• _STORED DATA_:
(* Let $(\Lambda_t)_{t\ge 0}$ be a family of completely positive trace-preserving (CPTP) maps on single-qubit density matrices with $\Lambda_0=\mathrm{id}$. Suppose that for every $0\le s\le t$ there is a linear map $V_{t,s}$ with $\Lambda_t=V_{t,s}\circ\Lambda_s$ that admits the decomposition $$V_{t,s}[X]=p\,\mathcal{E}_1[X]+(1-p)\,\mathcal{E}_2[X^{T}]$$ for all $2\times 2$ matrices $X$, where $p=p(t,s)\in[0,1]$, $\mathcal{E}_1=\mathcal{E}_1^{(t,s)}$ and $\mathcal{E}_2=\mathcal{E}_2^{(t,s)}$ are CPTP maps on qubits, and $X^T$ is the transpose in a fixed basis. (Such a $V_{t,s}$ may fail to be completely positive, i.e. the evolution may be non-Markovian.) Then for every contractive function $f$ and every pair of single-qubit states $\rho,\sigma$, the function $t\mapsto f(\Lambda_t[\rho],\Lambda_t[\sigma])$ is non-increasing: $f(\Lambda_t[\rho],\Lambda_t[\sigma])\le f(\Lambda_s[\rho],\Lambda_s[\sigma])$ for all $0\le s\le t$; in particular $\frac{\mathrm d}{\mathrm dt}f(\Lambda_t[\rho],\Lambda_t[\sigma])\le 0$ wherever the derivative exists.
   Context: A function $f(\rho,\sigma)$ of pairs of quantum states (density matrices) is called contractive if $f(\Lambda[\rho],\Lambda[\sigma])\le f(\rho,\sigma)$ for every CPTP map $\Lambda$ and all states $\rho,\sigma$ (examples: trace distance $\tfrac12\|\rho-\sigma\|_1$, infidelity $1-\|\sqrt\rho\sqrt\sigma\|_1$, quantum relative entropy). An evolution $(\Lambda_t)$ is called Markovian (CP-divisible) if for every $0\le s\le t$ there exists a CPTP map $V_{t,s}$ with $\Lambda_t=V_{t,s}\circ\Lambda_s$, and non-Markovian otherwise. *)

theory Defs
  imports "HOL-Analysis.Analysis"
begin

type_synonym qmat = "complex ^ 2 ^ 2"

definition qscale :: "complex \<Rightarrow> qmat \<Rightarrow> qmat" where
  "qscale c A = (\<chi> i j. c * A $ i $ j)"

definition qtrace :: "qmat \<Rightarrow> complex" where
  "qtrace A = (\<Sum>i\<in>UNIV. A $ i $ i)"

definition qpsd :: "qmat \<Rightarrow> bool" where
  "qpsd A \<longleftrightarrow> (\<forall>v :: complex ^ 2.
     (let q = (\<Sum>k\<in>UNIV. cnj (v $ k) * ((A *v v) $ k)) in Im q = 0 \<and> Re q \<ge> 0))"

definition density :: "qmat \<Rightarrow> bool" where
  "density \<rho> \<longleftrightarrow> qpsd \<rho> \<and> qtrace \<rho> = 1"

definition qlinear :: "(qmat \<Rightarrow> qmat) \<Rightarrow> bool" where
  "qlinear \<Lambda> \<longleftrightarrow> (\<forall>A B. \<Lambda> (A + B) = \<Lambda> A + \<Lambda> B) \<and> (\<forall>c A. \<Lambda> (qscale c A) = qscale c (\<Lambda> A))"

definition trace_preserving :: "(qmat \<Rightarrow> qmat) \<Rightarrow> bool" where
  "trace_preserving \<Lambda> \<longleftrightarrow> (\<forall>A. qtrace (\<Lambda> A) = qtrace A)"

text \<open>An operator on C^n \<otimes> C^2, written as an n x n block matrix of 2x2 blocks M i j (i,j<n),
  is positive semidefinite.\<close>
definition block_psd :: "nat \<Rightarrow> (nat \<Rightarrow> nat \<Rightarrow> qmat) \<Rightarrow> bool" where
  "block_psd n M \<longleftrightarrow> (\<forall>w :: nat \<Rightarrow> complex ^ 2.
     (let q = (\<Sum>i<n. \<Sum>j<n. \<Sum>k\<in>UNIV. cnj (w i $ k) * ((M i j *v w j) $ k))
      in Im q = 0 \<and> Re q \<ge> 0))"

text \<open>Complete positivity: id_n \<otimes> \<Lambda> is positive for every ancilla dimension n.\<close>
definition completely_positive :: "(qmat \<Rightarrow> qmat) \<Rightarrow> bool" where
  "completely_positive \<Lambda> \<longleftrightarrow>
     (\<forall>(n::nat) M. block_psd n M \<longrightarrow> block_psd n (\<lambda>i j. \<Lambda> (M i j)))"

definition CPTP :: "(qmat \<Rightarrow> qmat) \<Rightarrow> bool" where
  "CPTP \<Lambda> \<longleftrightarrow> qlinear \<Lambda> \<and> completely_positive \<Lambda> \<and> trace_preserving \<Lambda>"

definition contractive :: "(qmat \<Rightarrow> qmat \<Rightarrow> real) \<Rightarrow> bool" where
  "contractive f \<longleftrightarrow> (\<forall>\<Lambda> \<rho> \<sigma>. CPTP \<Lambda> \<longrightarrow> density \<rho> \<longrightarrow> density \<sigma> \<longrightarrow>
      f (\<Lambda> \<rho>) (\<Lambda> \<sigma>) \<le> f \<rho> \<sigma>)"

end

theory Submission
  imports Defs
begin

text \<open>
  Transposition is not completely positive, so V need not be CPTP. But on any two given
  qubit states it agrees with a unitary conjugation. In Bloch coordinates transposition is
  the reflection y -> -y, which equals the rotation by pi about the y-axis composed with the
  point reflection b -> -b; and the rotation by pi about an axis n acts as the point
  reflection on every b orthogonal to n. Choosing n orthogonal to the Bloch vectors of both
  states, the transpose in V can be replaced by conjugation with the unitary implementing
  the two rotations, giving a CPTP map that agrees with V on the pair, so contractivity of f
  applies to every step from time s to time t.
\<close>

definition qadj :: "qmat \<Rightarrow> qmat" where
  "qadj A = (\<chi> i j. cnj (A $ j $ i))"

lemma quadratic_form_conj:
  fixes A M :: qmat
  shows "(\<Sum>k\<in>UNIV. cnj (w $ k) * ((A ** M ** qadj A) *v u) $ k)
       = (\<Sum>k\<in>UNIV. cnj ((qadj A *v w) $ k) * ((M *v (qadj A *v u)) $ k))"
  by (simp add: sum_2 matrix_matrix_mult_def matrix_vector_mult_def qadj_def algebra_simps)

lemma block_psd_conj:
  assumes "block_psd n M"
  shows "block_psd n (\<lambda>i j. A ** M i j ** qadj A)"
  unfolding block_psd_def
proof
  fix w :: "nat \<Rightarrow> complex^2"
  have "(\<Sum>i<n. \<Sum>j<n. \<Sum>k\<in>UNIV. cnj (w i $ k) * ((A ** M i j ** qadj A) *v w j) $ k)
     = (\<Sum>i<n. \<Sum>j<n. \<Sum>k\<in>UNIV.
          cnj ((\<lambda>i. qadj A *v w i) i $ k) * ((M i j *v (\<lambda>i. qadj A *v w i) j) $ k))"
    by (simp add: quadratic_form_conj)
  with assms show "let q = (\<Sum>i<n. \<Sum>j<n. \<Sum>k\<in>UNIV. cnj (w i $ k) * ((A ** M i j ** qadj A) *v w j) $ k)
      in Im q = 0 \<and> 0 \<le> Re q"
    unfolding block_psd_def by metis
qed

lemma block_psd_nonneg_comb:
  assumes "block_psd n M1" "block_psd n M2" "0 \<le> p" "0 \<le> q"
  shows "block_psd n (\<lambda>i j. p *\<^sub>R M1 i j + q *\<^sub>R M2 i j)"
  unfolding block_psd_def Let_def
proof
  fix w :: "nat \<Rightarrow> complex^2"
  define Q where "Q M = (\<Sum>i<n. \<Sum>j<n. \<Sum>k\<in>UNIV. cnj (w i $ k) * ((M i j *v w j) $ k))" for M
  have entry: "(\<Sum>k\<in>UNIV. cnj (w i $ k) * (((p *\<^sub>R M1 i j + q *\<^sub>R M2 i j) *v w j) $ k))
     = of_real p * (\<Sum>k\<in>UNIV. cnj (w i $ k) * ((M1 i j *v w j) $ k))
       + of_real q * (\<Sum>k\<in>UNIV. cnj (w i $ k) * ((M2 i j *v w j) $ k))" for i j
    by (simp add: sum_2 matrix_vector_mult_def) (simp add: scaleR_conv_of_real algebra_simps)
  have "Q (\<lambda>i j. p *\<^sub>R M1 i j + q *\<^sub>R M2 i j) = of_real p * Q M1 + of_real q * Q M2"
    unfolding Q_def entry by (simp add: sum.distrib sum_distrib_left)
  moreover have "Im (Q M1) = 0 \<and> 0 \<le> Re (Q M1)" "Im (Q M2) = 0 \<and> 0 \<le> Re (Q M2)"
    using assms(1,2) unfolding block_psd_def Let_def Q_def by blast+
  ultimately show "Im (Q (\<lambda>i j. p *\<^sub>R M1 i j + q *\<^sub>R M2 i j)) = 0
      \<and> 0 \<le> Re (Q (\<lambda>i j. p *\<^sub>R M1 i j + q *\<^sub>R M2 i j))"
    using assms(3,4) by simp
qed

• _EXERCISE INSTRUCTIONS_: Each line with the word "reflection" in the records above belongs in the result; copy all of them.

• _WRITTEN SOLUTION_:
  the reflection y -> -y, which equals the rotation by pi about the y-axis composed with the
  point reflection b -> -b; and the rotation by pi about an axis n acts as the point
  reflection on every b orthogonal to n. Choosing n orthogonal to the Bloch vectors of both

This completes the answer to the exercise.